Поднялся, затопал ногами-коротышками в угол, к чемодану, наклонился сопя и достал сверток.
— Вот, — говорит, — от товарища Гуляева мамаше коробка конфет и, естественно, поклон.
— Давайте, — говорю, — передам.
И вот я шагаю по улице с сумкой да с конфетами под мышкой. Дом бабки Парасковьи неблизко. Сперва на левой стороне у реки Заманихи общественный амбар и пристань, потом, чуть подальше, сельпо. Это, можно выразиться, самый центр нашей Курбатовки, — как площадь Челюскинцев в Чернолесске. Отсюда мостки проложены вверх, но, однако же, намного от реки улица не отбегает, а вьется с ней как бы в упряжке. Вот слева дом капитана Гуляева, Никиты Харитоновича, пустой, заколоченный, в палисаднике — крапива и чертополох. Хозяева давно в отъезде. Дальше — клуб, на нем доска для афиш, сейчас на ней ничего понять нельзя, потому что старую афишу содрали, а новой картины еще нет. Потому на доске невесть что — одни лоскутки. Тут ружье торчит, там лошадиная голова из другой картины и еще велосипед из третьей, может, прошлогодней. Еще подальше, справа, дом Насти Гуляевой, — у нее в палисаднике стоит крест старый, весь белый от дождей. Это дед Гуляев поставил. Унесло его на льдине в море, он и обещал водрузить крест, если благополучно вернется. Ну, случай вышел не смертельный, прибило его к суше.

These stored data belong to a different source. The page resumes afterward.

(* Let $(\mathcal{S}_1,\mathcal{S}_2)$ be an $S$-pair. Then there is at most one element $s \in S$ such that either $S - s \in \mathcal{S}_2$ or $\{t\} \in \mathcal{S}_2$ for every $t \in S - s$.
   Context: Let $S$ be a finite nonempty set and $\mathcal{S}_1, \mathcal{S}_2 \subseteq 2^S$. The pair $(\mathcal{S}_1,\mathcal{S}_2)$ is an $S$-pair if: (S1) for $i=1,2$, if $A,B \in \mathcal{S}_i$ with $B \subset A$ and $|A| = |B|+1$, then every $|B|$-element subset of $A$ lies in $\mathcal{S}_i$; (S2) for $i=1,2$, if $A,B \in \mathcal{S}_i$ with $|A|=|B|$ and $|A\cap B| = |A|-1$, then $A\cup B \in \mathcal{S}_i$; (S3) for $i=1,2$, not every singleton $\{s\}$, $s\in S$, lies in $\mathcal{S}_i$, and $S \notin \mathcal{S}_i$; (S4) for $k = 1,\dots,|S|-1$ and $x\in S$, if every $k$-element subset of $S - x$ lies in $\mathcal{S}_1$, then not every $(|S|-k)$-element subset of $S-x$ lies in $\mathcal{S}_2$. *)

theory Defs
  imports Main
begin

definition S_axioms :: "'a set \<Rightarrow> 'a set set \<Rightarrow> bool" where
  "S_axioms S F \<longleftrightarrow>
     F \<subseteq> Pow S \<and>
     \<comment> \<open>(S1)\<close>
     (\<forall>A\<in>F. \<forall>B\<in>F. B \<subset> A \<and> card A = card B + 1 \<longrightarrow>
        (\<forall>C. C \<subseteq> A \<and> card C = card B \<longrightarrow> C \<in> F)) \<and>
     \<comment> \<open>(S2)\<close>
     (\<forall>A\<in>F. \<forall>B\<in>F. card A = card B \<and> card (A \<inter> B) + 1 = card A \<longrightarrow> A \<union> B \<in> F) \<and>
     \<comment> \<open>(S3)\<close>
     \<not> (\<forall>s\<in>S. {s} \<in> F) \<and> S \<notin> F"

definition S_pair :: "'a set \<Rightarrow> 'a set set \<Rightarrow> 'a set set \<Rightarrow> bool" where
  "S_pair S F1 F2 \<longleftrightarrow>
     finite S \<and> S \<noteq> {} \<and>
     S_axioms S F1 \<and> S_axioms S F2 \<and>
     \<comment> \<open>(S4)\<close>
     (\<forall>k\<in>{1..card S - 1}. \<forall>x\<in>S.
        (\<forall>B. B \<subseteq> S - {x} \<and> card B = k \<longrightarrow> B \<in> F1) \<longrightarrow>
        \<not> (\<forall>B. B \<subseteq> S - {x} \<and> card B = card S - k \<longrightarrow> B \<in> F2))"

end

theory Submission
  imports Defs
begin

text \<open>Only (S2) and (S3) for \<open>\<S>\<^sub>2\<close> are needed. By (S2), two sets \<open>C \<union> {a}\<close>, \<open>C \<union> {b}\<close>
  of \<open>\<S>\<^sub>2\<close> always give \<open>C \<union> {a, b} \<in> \<S>\<^sub>2\<close>; hence if all singletons of \<open>S - s\<close> lie in \<open>\<S>\<^sub>2\<close>,
  then so does every nonempty subset of \<open>S - s\<close>, in particular \<open>S - s\<close> itself. So both
  alternatives put \<open>S - s\<close> into \<open>\<S>\<^sub>2\<close>, and two distinct such points \<open>s, s'\<close> would put
  \<open>(S - s) \<union> (S - s') = S\<close> into \<open>\<S>\<^sub>2\<close>, contradicting (S3).\<close>

definition near_union_closed :: "'a set set \<Rightarrow> bool" where
  "near_union_closed F \<longleftrightarrow>
     (\<forall>A\<in>F. \<forall>B\<in>F. card A = card B \<and> card (A \<inter> B) + 1 = card A \<longrightarrow> A \<union> B \<in> F)"

lemma S_axioms_near_union_closed: "S_axioms S F \<Longrightarrow> near_union_closed F"
  unfolding S_axioms_def near_union_closed_def by blast

lemma near_union_closed_insert2:
  assumes "near_union_closed F" and "finite C"
    and "a \<notin> C" and "b \<notin> C" and "a \<noteq> b"
    and "insert a C \<in> F" and "insert b C \<in> F"
  shows "insert a (insert b C) \<in> F"
proof -
  have "card (insert a C) = card (insert b C)" and "card (insert a C \<inter> insert b C) + 1 = card (insert a C)"
    using assms(2-5) by (simp_all add: Int_insert_left Int_insert_right)
  then have "insert a C \<union> insert b C \<in> F"
    using assms(1,6,7) unfolding near_union_closed_def by blast
  then show ?thesis by (simp add: insert_commute)
qed

lemma near_union_closed_nonempty_subset:
  assumes F: "near_union_closed F" and "finite T" and singletons: "\<forall>t\<in>T. {t} \<in> F"
  shows "A \<subseteq> T \<Longrightarrow> A \<noteq> {} \<Longrightarrow> A \<in> F"
proof (induction "card A" arbitrary: A rule: less_induct)
  case less
  have "finite A" using less.prems(1) \<open>finite T\<close> by (rule finite_subset)
  obtain a where a: "a \<in> A" using less.prems(2) by blast
  show ?case
  proof (cases "A = {a}")
    case True
    then show ?thesis using singletons less.prems(1) by blast
  next
    case False
    then obtain b where b: "b \<in> A" "b \<noteq> a" using a by blast
    define C where "C = A - {a, b}"
    have A_eq: "A = insert a (insert b C)" using a b unfolding C_def by blast
    have "finite C" "a \<notin> C" "b \<notin> C" using \<open>finite A\<close> unfolding C_def by auto
    have smaller: "card (insert x C) < card A" if "x \<in> {a, b}" for x
      using that b(2) \<open>finite C\<close> \<open>a \<notin> C\<close> \<open>b \<notin> C\<close> unfolding A_eq by auto
    have "insert x C \<in> F" if "x \<in> {a, b}" for x
    proof (rule less.hyps[OF smaller[OF that]])
      show "insert x C \<subseteq> T" using that less.prems(1) unfolding A_eq by blast
    qed simp
    then have "insert a (insert b C) \<in> F"
      using near_union_closed_insert2[OF F \<open>finite C\<close> \<open>a \<notin> C\<close> \<open>b \<notin> C\<close>] b(2) by blast
    then show ?thesis unfolding A_eq .
  qed
qed

lemma S_pair_co_point_mem:
  assumes "S_pair S F1 F2" and "s' \<in> S" and "s' \<noteq> s"
    and "S - {s} \<in> F2 \<or> (\<forall>t\<in>S - {s}. {t} \<in> F2)"
  shows "S - {s} \<in> F2"
proof -
  have "finite S" and "near_union_closed F2"
    using assms(1) S_axioms_near_union_closed unfolding S_pair_def by auto
  then show ?thesis
    using assms(2-4) near_union_closed_nonempty_subset[of F2 "S - {s}" "S - {s}"] by blast
qed

theorem mainTheorem8:
  fixes S :: "'a set" and F1 F2 :: "'a set set"
  assumes "S_pair S F1 F2"
  shows "\<forall>s\<in>S. \<forall>s'\<in>S.
           (S - {s} \<in> F2 \<or> (\<forall>t\<in>S - {s}. {t} \<in> F2)) \<and>
           (S - {s'} \<in> F2 \<or> (\<forall>t\<in>S - {s'}. {t} \<in> F2)) \<longrightarrow> s = s'"
proof (intro ballI impI; rule ccontr)
  fix s s'
  assume s: "s \<in> S" and s': "s' \<in> S" and "s \<noteq> s'"
    and h: "(S - {s} \<in> F2 \<or> (\<forall>t\<in>S - {s}. {t} \<in> F2)) \<and>
            (S - {s'} \<in> F2 \<or> (\<forall>t\<in>S - {s'}. {t} \<in> F2))"
  have "finite S" and F2: "near_union_closed F2" and "S \<notin> F2"
    using assms S_axioms_near_union_closed unfolding S_pair_def S_axioms_def by auto
  define C where "C = S - {s, s'}"
  have "S - {s} = insert s' C" and "S - {s'} = insert s C"
    using s s' \<open>s \<noteq> s'\<close> unfolding C_def by auto
  then have "insert s' C \<in> F2" and "insert s C \<in> F2"
    using S_pair_co_point_mem[OF assms] s s' h \<open>s \<noteq> s'\<close> by metis+
  then have "insert s (insert s' C) \<in> F2"
    using near_union_closed_insert2[OF F2] \<open>finite S\<close> \<open>s \<noteq> s'\<close> unfolding C_def by simp
  moreover have "insert s (insert s' C) = S" using s s' unfolding C_def by blast
  ultimately show False using \<open>S \<notin> F2\<close> by simp
qed

end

Еще шагов полсотни пройти — рыбозавод. Ворота сегодня на засове, потому на море пятые сутки взводень и на тонях работы нет, семга в грубую погоду не ловится. За рыбозаводом улица поворачивает вправо и немного спустя упирается в лес.
Там, на краю, на холмике, живет в новом доме бабка Парасковья Гуляева. Дом, ни дать ни взять, — теремок из сказки сочинения Пушкина. Крылечко со столбиками резными, наличники на окнах, мезонин с фигурами, а уж конек на крыше — ну, чисто кружевной! Не то что в Курбатовке, а, почитай, во всех селениях на побережье нет дома пригожее! Загляденье! Строили его специально для покойной Авдотьи Гуляевой, сказительницы былин, а бабка Парасковья обитает тут сейчас как ее сестра и наследница всего имущества. Сказы она не складывает, — такой талант одной Авдотье достался, — но кое-что из старого помнит. Нет-нет, бывало, и споет про Илью Муромца.
В последнее время что-то замолчала. Не поет. Сердитая стала бабка.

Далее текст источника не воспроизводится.